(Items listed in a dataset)
(* Let $G$ be a Chevalley–Demazure group scheme with root system $\Phi\in\{E_6,E_7,E_8,F_4\}$ and $R$ a commutative integral domain with $R^*\neq\{1\}$. Let $\alpha,\beta\in\Phi$ be linearly independent. Then there is a torus witness for $(\alpha,\beta)$, except possibly when $R^*=\{\pm1\}$, $\Phi=F_4$, and $\alpha,\beta$ are orthogonal and both long.
   Context: $T$ is the distinguished maximal torus of $G$. A torus witness for $(\alpha,\beta)$ is an element $s\in T(R)$ that centralizes the root subgroup $U_\alpha$ and satisfies $\mathrm{C}_{U_\beta}(s)=1$. *)

theory Defs
  imports Complex_Main
begin

text \<open>Vectors of the ambient Euclidean space R^8 are modelled as functions
  nat => real supported on {0..<8} (coordinates e_0,...,e_7).
  The root systems E6, E7, E8, F4 are given in their standard (Bourbaki)
  coordinates.\<close>

type_synonym vec = "nat \<Rightarrow> real"

definition ip :: "vec \<Rightarrow> vec \<Rightarrow> real" where
  "ip v w = (\<Sum>k<8. v k * w k)"

definition unitv :: "nat \<Rightarrow> vec" where
  "unitv i = (\<lambda>k. if k = i then 1 else 0)"

definition lin_indep2 :: "vec \<Rightarrow> vec \<Rightarrow> bool" where
  "lin_indep2 a b \<longleftrightarrow> (\<forall>c d :: real. (\<lambda>k. c * a k + d * b k) = (\<lambda>k. 0) \<longrightarrow> c = 0 \<and> d = 0)"

definition E8_roots :: "vec set" where
  "E8_roots =
     {v. \<exists>i j a b. i < j \<and> j < 8 \<and> a \<in> {-1, 1} \<and> b \<in> {-1, 1} \<and>
           v = (\<lambda>k. a * unitv i k + b * unitv j k)}
   \<union> {v. (\<forall>k<8. v k \<in> {1/2, -1/2}) \<and> (\<forall>k\<ge>8. v k = 0) \<and>
           even (card {k. k < 8 \<and> v k < 0})}"

text \<open>E7 = roots of E8 orthogonal to e_6 + e_7 (Bourbaki's e7+e8);
  E6 = roots of E7 orthogonal moreover to e_5 + e_7 (Bourbaki's e6+e8).\<close>

definition E7_roots :: "vec set" where
  "E7_roots = {v \<in> E8_roots. ip v (\<lambda>k. unitv 6 k + unitv 7 k) = 0}"

definition E6_roots :: "vec set" where
  "E6_roots = {v \<in> E7_roots. ip v (\<lambda>k. unitv 5 k + unitv 7 k) = 0}"

definition F4_roots :: "vec set" where
  "F4_roots =
     {v. \<exists>i a. i < 4 \<and> a \<in> {-1, 1} \<and> v = (\<lambda>k. a * unitv i k)}
   \<union> {v. \<exists>i j a b. i < j \<and> j < 4 \<and> a \<in> {-1, 1} \<and> b \<in> {-1, 1} \<and>
           v = (\<lambda>k. a * unitv i k + b * unitv j k)}
   \<union> {v. (\<forall>k<4. v k \<in> {1/2, -1/2}) \<and> (\<forall>k\<ge>4. v k = 0)}"

definition root_lattice :: "vec set \<Rightarrow> vec set" where
  "root_lattice \<Phi> = {v. \<exists>c :: vec \<Rightarrow> int. v = (\<lambda>k. \<Sum>r\<in>\<Phi>. of_int (c r) * r k)}"

definition real_span :: "vec set \<Rightarrow> vec set" where
  "real_span \<Phi> = {v. \<exists>c :: vec \<Rightarrow> real. v = (\<lambda>k. \<Sum>r\<in>\<Phi>. c r * r k)}"

definition weight_lattice :: "vec set \<Rightarrow> vec set" where
  "weight_lattice \<Phi> = {v \<in> real_span \<Phi>. \<forall>a\<in>\<Phi>. 2 * ip v a / ip a a \<in> \<int>}"

text \<open>The character lattice of a Chevalley--Demazure group scheme with root
  system Phi: an additive subgroup Lambda with Q(Phi) <= Lambda <= P(Phi).
  It determines the isogeny type of G.\<close>

definition is_group_lattice :: "vec set \<Rightarrow> vec set \<Rightarrow> bool" where
  "is_group_lattice \<Phi> \<Lambda> \<longleftrightarrow>
     root_lattice \<Phi> \<subseteq> \<Lambda> \<and> \<Lambda> \<subseteq> weight_lattice \<Phi> \<and>
     (\<forall>x\<in>\<Lambda>. \<forall>y\<in>\<Lambda>. (\<lambda>k. x k + y k) \<in> \<Lambda>) \<and> (\<forall>x\<in>\<Lambda>. (\<lambda>k. - x k) \<in> \<Lambda>)"

text \<open>The maximal torus T(R) = Hom(Lambda, R^*): elements are group
  homomorphisms from Lambda to the unit group of R (values outside Lambda
  are irrelevant).\<close>

definition torus :: "vec set \<Rightarrow> (vec \<Rightarrow> 'r::comm_ring_1) set" where
  "torus \<Lambda> = {s. (\<forall>x\<in>\<Lambda>. s x dvd 1) \<and>
                   (\<forall>x\<in>\<Lambda>. \<forall>y\<in>\<Lambda>. s (\<lambda>k. x k + y k) = s x * s y)}"

text \<open>Action of a torus element s on the root subgroup
  U_beta = { x_beta(t) : t in R }:  s x_beta(t) s^-1 = x_beta(beta(s) t),
  where beta(s) is the value of the character s at beta.\<close>

definition root_act :: "(vec \<Rightarrow> 'r::comm_ring_1) \<Rightarrow> vec \<Rightarrow> 'r \<Rightarrow> 'r" where
  "root_act s \<beta> t = s \<beta> * t"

What you should do. Your task is to reproduce all of the records exactly.

Solved exercise.
(* Let $G$ be a Chevalley–Demazure group scheme with root system $\Phi\in\{E_6,E_7,E_8,F_4\}$ and $R$ a commutative integral domain with $R^*\neq\{1\}$. Let $\alpha,\beta\in\Phi$ be linearly independent. Then there is a torus witness for $(\alpha,\beta)$, except possibly when $R^*=\{\pm1\}$, $\Phi=F_4$, and $\alpha,\beta$ are orthogonal and both long.
   Context: $T$ is the distinguished maximal torus of $G$. A torus witness for $(\alpha,\beta)$ is an element $s\in T(R)$ that centralizes the root subgroup $U_\alpha$ and satisfies $\mathrm{C}_{U_\beta}(s)=1$. *)

theory Defs
  imports Complex_Main
begin

text \<open>Vectors of the ambient Euclidean space R^8 are modelled as functions
  nat => real supported on {0..<8} (coordinates e_0,...,e_7).
  The root systems E6, E7, E8, F4 are given in their standard (Bourbaki)
  coordinates.\<close>

type_synonym vec = "nat \<Rightarrow> real"

definition ip :: "vec \<Rightarrow> vec \<Rightarrow> real" where
  "ip v w = (\<Sum>k<8. v k * w k)"

definition unitv :: "nat \<Rightarrow> vec" where
  "unitv i = (\<lambda>k. if k = i then 1 else 0)"

definition lin_indep2 :: "vec \<Rightarrow> vec \<Rightarrow> bool" where
  "lin_indep2 a b \<longleftrightarrow> (\<forall>c d :: real. (\<lambda>k. c * a k + d * b k) = (\<lambda>k. 0) \<longrightarrow> c = 0 \<and> d = 0)"

definition E8_roots :: "vec set" where
  "E8_roots =
     {v. \<exists>i j a b. i < j \<and> j < 8 \<and> a \<in> {-1, 1} \<and> b \<in> {-1, 1} \<and>
           v = (\<lambda>k. a * unitv i k + b * unitv j k)}
   \<union> {v. (\<forall>k<8. v k \<in> {1/2, -1/2}) \<and> (\<forall>k\<ge>8. v k = 0) \<and>
           even (card {k. k < 8 \<and> v k < 0})}"

text \<open>E7 = roots of E8 orthogonal to e_6 + e_7 (Bourbaki's e7+e8);
  E6 = roots of E7 orthogonal moreover to e_5 + e_7 (Bourbaki's e6+e8).\<close>

definition E7_roots :: "vec set" where
  "E7_roots = {v \<in> E8_roots. ip v (\<lambda>k. unitv 6 k + unitv 7 k) = 0}"

definition E6_roots :: "vec set" where
  "E6_roots = {v \<in> E7_roots. ip v (\<lambda>k. unitv 5 k + unitv 7 k) = 0}"

definition F4_roots :: "vec set" where
  "F4_roots =
     {v. \<exists>i a. i < 4 \<and> a \<in> {-1, 1} \<and> v = (\<lambda>k. a * unitv i k)}
   \<union> {v. \<exists>i j a b. i < j \<and> j < 4 \<and> a \<in> {-1, 1} \<and> b \<in> {-1, 1} \<and>
           v = (\<lambda>k. a * unitv i k + b * unitv j k)}
   \<union> {v. (\<forall>k<4. v k \<in> {1/2, -1/2}) \<and> (\<forall>k\<ge>4. v k = 0)}"

definition root_lattice :: "vec set \<Rightarrow> vec set" where
  "root_lattice \<Phi> = {v. \<exists>c :: vec \<Rightarrow> int. v = (\<lambda>k. \<Sum>r\<in>\<Phi>. of_int (c r) * r k)}"

definition real_span :: "vec set \<Rightarrow> vec set" where
  "real_span \<Phi> = {v. \<exists>c :: vec \<Rightarrow> real. v = (\<lambda>k. \<Sum>r\<in>\<Phi>. c r * r k)}"

definition weight_lattice :: "vec set \<Rightarrow> vec set" where
  "weight_lattice \<Phi> = {v \<in> real_span \<Phi>. \<forall>a\<in>\<Phi>. 2 * ip v a / ip a a \<in> \<int>}"

text \<open>The character lattice of a Chevalley--Demazure group scheme with root
  system Phi: an additive subgroup Lambda with Q(Phi) <= Lambda <= P(Phi).
  It determines the isogeny type of G.\<close>

definition is_group_lattice :: "vec set \<Rightarrow> vec set \<Rightarrow> bool" where
  "is_group_lattice \<Phi> \<Lambda> \<longleftrightarrow>
     root_lattice \<Phi> \<subseteq> \<Lambda> \<and> \<Lambda> \<subseteq> weight_lattice \<Phi> \<and>
     (\<forall>x\<in>\<Lambda>. \<forall>y\<in>\<Lambda>. (\<lambda>k. x k + y k) \<in> \<Lambda>) \<and> (\<forall>x\<in>\<Lambda>. (\<lambda>k. - x k) \<in> \<Lambda>)"

text \<open>The maximal torus T(R) = Hom(Lambda, R^*): elements are group
  homomorphisms from Lambda to the unit group of R (values outside Lambda
  are irrelevant).\<close>

definition torus :: "vec set \<Rightarrow> (vec \<Rightarrow> 'r::comm_ring_1) set" where
  "torus \<Lambda> = {s. (\<forall>x\<in>\<Lambda>. s x dvd 1) \<and>
                   (\<forall>x\<in>\<Lambda>. \<forall>y\<in>\<Lambda>. s (\<lambda>k. x k + y k) = s x * s y)}"

text \<open>Action of a torus element s on the root subgroup
  U_beta = { x_beta(t) : t in R }:  s x_beta(t) s^-1 = x_beta(beta(s) t),
  where beta(s) is the value of the character s at beta.\<close>

definition root_act :: "(vec \<Rightarrow> 'r::comm_ring_1) \<Rightarrow> vec \<Rightarrow> 'r \<Rightarrow> 'r" where
  "root_act s \<beta> t = s \<beta> * t"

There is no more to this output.